„Wierzymy w działanie Ducha Świętego”. Rozmowa z Piotrem Wojtczakiem liderem Wspólnoty Logos z Oslo

DSC_0589 (2).JPG

 

„Jeśli się modlimy i prosimy, to przychodzą działania Ducha Świętego. Z działaniem Ducha Św. przychodzi pokój i poczucie miłości Bożej. I świadomość, że Jezus żyje, że jest osobą jak ty czy ja, że można mieć z Nimi osobistą relację, że nie jest odległy i niedostępny, ale czeka obok na moją odpowiedź. Bóg żywy”.

 

Tekst i zdjęcia: Marta Tomczyk-Maryon

 

 

Artykuł o Odnowie w Duchu Świetym i charyzmatach znajdziesz tu

 

– Wiele osób słyszało nazwę Ruch Odnowy w Duchu Świętym, ale myślę, że niewiele wie coś więcej na ten temat. Co wyróżnia ten ruch? I co odróżnia grupę Logos od innych, które działają w Kościele?

Piotr2-2.jpg

– Wierzymy w działanie Ducha Świętego. Wierzymy, że działa On teraz, a nie, że działał kiedyś, a teraz już nie. Bóg działa w naszym życiu ewidentnie, w tej chwili. Zresztą myślę, że każdy ma w swoim życiu takie doświadczenia, które to potwierdzają. Każdy z nas może przywołać wydarzenia, które nie miały prawa się wydarzyć, a wydarzyły się. Jeśli to dostrzeżemy, to zaczynamy się otwierać na to, co Bóg robi w naszym życiu.  Jeśli się modlimy i prosimy, to przychodzą działania Ducha Świętego. Z działaniem Ducha Św. przychodzi pokój i poczucie miłości Bożej. I świadomość, że Jezus żyje, że jest osobą jak ty czy ja, że Bóg Ojciec jest osobą, że Duch Święty jest osobą, że można mieć z Nimi osobistą relację, że nie jest odległy i niedostępny, ale czeka obok na moją odpowiedź. Bóg żywy.

 

– Czy wystarczy warunek otwarcia się na działanie Ducha Świętego, aby doświadczyć Bożej miłości?
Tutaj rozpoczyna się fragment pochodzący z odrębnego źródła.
(* Let $\alpha\in(0,1)$ and let $\{x_i\}_{i=1}^{\infty}$ be any countable subset of $SU(2)$. Then there exists a real-valued function $f\in\mathrm{Lip}_{\alpha}(SU(2))$ such that \[ \sup_{N\geq 1}|S_N f(x_i)|=\infty \quad\text{for all } i=1,2,3,\ldots. \]
   Context: $SU(2)$ is the group of $2\times 2$ complex unitary matrices of determinant $1$, equipped with the metric $d(x,y)=\sqrt{\tfrac12\mathrm{tr}((x-y)(x-y)^* )}$. For $0<\alpha<1$, $\mathrm{Lip}_{\alpha}(SU(2))$ is the set of real functions $f$ on $SU(2)$ for which there is $M\ge 0$ with $|f(x)-f(y)|\le M d(x,y)^{\alpha}$ for all $x,y\in SU(2)$. Let $\mu$ be normalized Haar measure on $SU(2)$. For each $x\in SU(2)$ with eigenvalues $e^{\pm i\theta}$, $\theta\in[0,\pi]$, the character of the $(n+1)$-dimensional irreducible unitary representation is $\chi_n(x)=\frac{\sin((n+1)\theta)}{\sin\theta}$ (interpreted by continuity at $\theta=0,\pi$). The Dirichlet kernel is $\mathbf{D}_N(x)=\sum_{n=0}^N (n+1)\chi_n(x)$, and for $f\in L^1(SU(2))$ the $N$th Fourier partial sum is $S_Nf(x)=(f*\mathbf{D}_N)(x)=\int_{SU(2)} f(xy^{-1})\mathbf{D}_N(y)\,d\mu(y)$. *)

theory Defs
  imports "HOL-Analysis.Analysis"
begin

type_synonym cmat2 = "complex ^ 2 ^ 2"

definition conj_transpose :: "cmat2 \<Rightarrow> cmat2" where
  "conj_transpose A = (\<chi> i j. cnj (A $ j $ i))"

definition SU2 :: "cmat2 set" where
  "SU2 = {U. U ** conj_transpose U = mat 1 \<and> det U = 1}"

text \<open>d(x,y) = sqrt(1/2 tr((x-y)(x-y)^*)); the trace is real and nonnegative, we take its real part.\<close>
definition su2_dist :: "cmat2 \<Rightarrow> cmat2 \<Rightarrow> real" where
  "su2_dist x y = sqrt ((1/2) * Re (trace ((x - y) ** conj_transpose (x - y))))"

definition Lip_alpha :: "real \<Rightarrow> (cmat2 \<Rightarrow> real) \<Rightarrow> bool" where
  "Lip_alpha \<alpha> f \<longleftrightarrow> (\<exists>M\<ge>0. \<forall>x\<in>SU2. \<forall>y\<in>SU2. \<bar>f x - f y\<bar> \<le> M * su2_dist x y powr \<alpha>)"

definition is_haar_SU2 :: "cmat2 measure \<Rightarrow> bool" where
  "is_haar_SU2 \<mu> \<longleftrightarrow> sets \<mu> = sets (restrict_space borel SU2) \<and> space \<mu> = SU2 \<and>
     emeasure \<mu> (space \<mu>) = 1 \<and>
     (\<forall>x\<in>SU2. \<forall>A\<in>sets \<mu>. emeasure \<mu> ((\<lambda>y. x ** y) ` A) = emeasure \<mu> A)"

text \<open>The angle theta in [0,pi] with eigenvalues exp(+-i theta); since the eigenvalues are
  exp(i theta), exp(-i theta), the trace is 2 cos theta.\<close>
definition su2_angle :: "cmat2 \<Rightarrow> real" where
  "su2_angle x = arccos (Re (trace x) / 2)"

definition su2_char :: "nat \<Rightarrow> cmat2 \<Rightarrow> real" where
  "su2_char n x = (let \<theta> = su2_angle x in
     if \<theta> = 0 then real (n + 1)
     else if \<theta> = pi then (-1) ^ n * real (n + 1)
     else sin (real (n + 1) * \<theta>) / sin \<theta>)"

definition dirichlet_kernel :: "nat \<Rightarrow> cmat2 \<Rightarrow> real" where
  "dirichlet_kernel N x = (\<Sum>n\<le>N. real (n + 1) * su2_char n x)"

definition fourier_partial_sum :: "cmat2 measure \<Rightarrow> nat \<Rightarrow> (cmat2 \<Rightarrow> real) \<Rightarrow> cmat2 \<Rightarrow> real" where
  "fourier_partial_sum \<mu> N f x = (\<integral>y. f (x ** matrix_inv y) * dirichlet_kernel N y \<partial>\<mu>)"

end

(*
  A gliding-hump argument. Functions of the form p (Re x11), p a real polynomial, are functions
  of the trace; left invariance of Haar measure under the rotations acting on the four real
  coordinates of SU(2) determines the moments of Re x11, which gives the Weyl formula
  Haar integral of p (Re x11) = (2 / pi) * integral over [0, pi] of p (cos t) (sin t)^2.
  Hence the characters are the Chebyshev polynomials U_n (Re x11), orthonormal for Haar measure,
  and the Dirichlet kernel D_N is a polynomial in Re x11 bounded by (N + 1)^3.

  For a centre x and a degree m, phi_m (cos t) = (sin t)^2 cos ((m + 4) t) is a combination of
  U_m, U_(m+2), U_(m+4), U_(m+6), so the bump z |-> phi_m (Re (x^* z)) / (2 (m + 6)^alpha) is
  alpha-Hoelder with constant 1 and bounded by 1/2, while its partial sum of order m + 3 at x is
  of size m^(1 - alpha). Enumerating the countable set with every point repeated infinitely often,
  we take f = sum of c_j eps_j times the j-th bump, with summable weights eps_j, degrees m_j growing
  so fast that the j-th bump gives |S_(m_j+3) f (x_j)| >= j + 1 up to the tail, and signs c_j
  chosen so that the earlier bumps cannot cancel it.
*)

theory Submission
  imports Defs "HOL-Computational_Algebra.Polynomial"
begin

definition su2_mat :: "complex \<Rightarrow> complex \<Rightarrow> cmat2" where
  "su2_mat a b = (\<chi> i j. if i = 1 then (if j = 1 then a else b) else (if j = 1 then - cnj b else cnj a))"

lemma su2_mat_nth [simp]:
  "su2_mat a b $ 1 $ 1 = a" "su2_mat a b $ 1 $ 2 = b"
  "su2_mat a b $ 2 $ 1 = - cnj b" "su2_mat a b $ 2 $ 2 = cnj a"
  by (simp_all add: su2_mat_def)

lemma cmat2_eq_iff: "(A::cmat2) = B \<longleftrightarrow> A$1$1 = B$1$1 \<and> A$1$2 = B$1$2 \<and> A$2$1 = B$2$1 \<and> A$2$2 = B$2$2"
  by (auto simp: vec_eq_iff forall_2)

lemma cmat2_mult_nth: "((A::cmat2) ** B) $ i $ j = A$i$1 * B$1$j + A$i$2 * B$2$j"
  by (simp add: matrix_matrix_mult_def sum_2)

lemma conj_transpose_nth [simp]: "conj_transpose A $ i $ j = cnj (A $ j $ i)"
  by (simp add: conj_transpose_def)

lemma su2_mat_mult: "su2_mat a b ** su2_mat c d = su2_mat (a*c - b * cnj d) (a*d + b * cnj c)"
  by (simp add: cmat2_eq_iff cmat2_mult_nth algebra_simps)

lemma conj_transpose_su2_mat: "conj_transpose (su2_mat a b) = su2_mat (cnj a) (- b)"
  by (simp add: cmat2_eq_iff)

lemma mat_1_eq_su2_mat: "(mat 1 :: cmat2) = su2_mat 1 0"
  by (simp add: cmat2_eq_iff mat_def)

lemma su2_mat_diff: "su2_mat p q - su2_mat r s = su2_mat (p - r) (q - s)"
  by (simp add: cmat2_eq_iff)

lemma det_su2_mat: "det (su2_mat a b) = a * cnj a + b * cnj b"
  by (simp add: det_2 algebra_simps)

lemma norm_sum_squares_eq_1_iff:
  "(cmod a)\<^sup>2 + (cmod b)\<^sup>2 = 1 \<longleftrightarrow> a * cnj a + b * cnj b = 1"
proof -
  have "a * cnj a + b * cnj b = of_real ((cmod a)\<^sup>2 + (cmod b)\<^sup>2)"
    by (simp flip: complex_norm_square)
  then show ?thesis by (simp only: of_real_eq_1_iff)
qed

lemma su2_mat_in_SU2_iff: "su2_mat a b \<in> SU2 \<longleftrightarrow> (cmod a)\<^sup>2 + (cmod b)\<^sup>2 = 1"
proof -
  have "su2_mat a b ** conj_transpose (su2_mat a b) = su2_mat (a * cnj a + b * cnj b) 0"
    by (simp add: conj_transpose_su2_mat su2_mat_mult algebra_simps)
  then have "su2_mat a b \<in> SU2 \<longleftrightarrow> a * cnj a + b * cnj b = 1"
    by (auto simp: SU2_def mat_1_eq_su2_mat det_su2_mat cmat2_eq_iff mult.commute)
  then show ?thesis by (simp add: norm_sum_squares_eq_1_iff)
qed

lemma SU2_eq_su2_mat:
  assumes "y \<in> SU2"
  shows "y = su2_mat (y$1$1) (y$1$2)"
proof -
  define a b c d where "a = y$1$1" "b = y$1$2" "c = y$2$1" "d = y$2$2"
  have "(y ** conj_transpose y) $ 1 $ 1 = 1" "(y ** conj_transpose y) $ 1 $ 2 = 0" "det y = 1"
    using assms by (auto simp: SU2_def mat_def)
  then have norm: "a * cnj a + b * cnj b = 1" and orth': "a * cnj c + b * cnj d = 0"
    and det: "a * d - b * c = 1"
    by (simp_all add: cmat2_mult_nth det_2 a_b_c_d_def)
  have orth: "cnj a * c + cnj b * d = 0" using arg_cong[OF orth', of cnj] by simp
  \<comment> \<open>a unit first row, orthogonality of the rows and \<open>det y = 1\<close> force the second row\<close>
  have "d = (a * cnj a + b * cnj b) * d" using norm by simp
  also have "\<dots> = cnj a * (a * d - b * c) + b * (cnj a * c + cnj b * d)" by (simp add: algebra_simps)
  finally have "d = cnj a" using det orth by simp
  moreover have "c = (a * cnj a + b * cnj b) * c" using norm by simp
  then have "c = a * (cnj a * c + cnj b * d) - cnj b * (a * d - b * c)" by (simp add: algebra_simps)
  then have "c = - cnj b" using det orth by simp
  ultimately show ?thesis by (simp add: cmat2_eq_iff a_b_c_d_def)
qed

lemma SU2_cases:
  assumes "y \<in> SU2"
  obtains a b where "y = su2_mat a b" "(cmod a)\<^sup>2 + (cmod b)\<^sup>2 = 1"
  using SU2_eq_su2_mat[OF assms] assms su2_mat_in_SU2_iff by metis

lemma su2_mat_in_SU2_iff_det: "su2_mat a b \<in> SU2 \<longleftrightarrow> det (su2_mat a b) = 1"
  by (simp add: su2_mat_in_SU2_iff det_su2_mat norm_sum_squares_eq_1_iff)

lemma SU2_mult_closed:
  assumes "x \<in> SU2" "y \<in> SU2"
  shows "x ** y \<in> SU2"
proof -
  have "det (x ** y) = 1" using assms by (simp add: det_mul SU2_def)
  then show ?thesis
    using assms by (auto elim!: SU2_cases simp: su2_mat_mult su2_mat_in_SU2_iff_det)
qed

lemma conj_transpose_in_SU2: "y \<in> SU2 \<Longrightarrow> conj_transpose y \<in> SU2"
  by (erule SU2_cases) (simp add: conj_transpose_su2_mat su2_mat_in_SU2_iff)

lemma SU2_conj_transpose_mult:
  assumes "y \<in> SU2"
  shows "conj_transpose y ** y = mat 1" "y ** conj_transpose y = mat 1"
proof -
  obtain a b where y: "y = su2_mat a b" "(cmod a)\<^sup>2 + (cmod b)\<^sup>2 = 1" using assms by (rule SU2_cases)
  then have "a * cnj a + b * cnj b = 1" by (simp add: norm_sum_squares_eq_1_iff)
  then show "conj_transpose y ** y = mat 1" "y ** conj_transpose y = mat 1"
    by (simp_all add: y conj_transpose_su2_mat su2_mat_mult mat_1_eq_su2_mat algebra_simps)
qed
– Myślę, że najważniejsza jest decyzja, to, że ja chcę, że staję w prawdzie przed Panem Bogiem. Za decyzją idzie łaska Boża. Tu pojawia się też kwestia czy coś pochodzi od Złego, czy od Pana Boga.

 

– Jak to rozpoznać?

– Jest jedna rzecz, która daje stuprocentową pewność - Pan Bóg nas do niczego nie zmusza. Jeśli czuję przymus i nie mam wyboru, to, to na pewno nie pochodzi od Boga. Bóg daje człowiekowi największą wolność. Uwalnia nas również od nałogów i słabości.

 

– A jednak zastanawiam się, czy to rozpoznanie jest dla wszystkich takie oczywiste. Dla osób świadomych i tych, które mają dobry kontakt z sobą samym, zapewne tak. Ale dla tych, którzy są bardziej chwiejni, przeżywają jakieś problemy wewnętrzne i religijne może to być trudne. Co o tym myślisz? I jaką radę możesz dać tym, którzy nie są pewni czy ich przeżycia i doświadczenia są skutkiem działania Ducha Świętego?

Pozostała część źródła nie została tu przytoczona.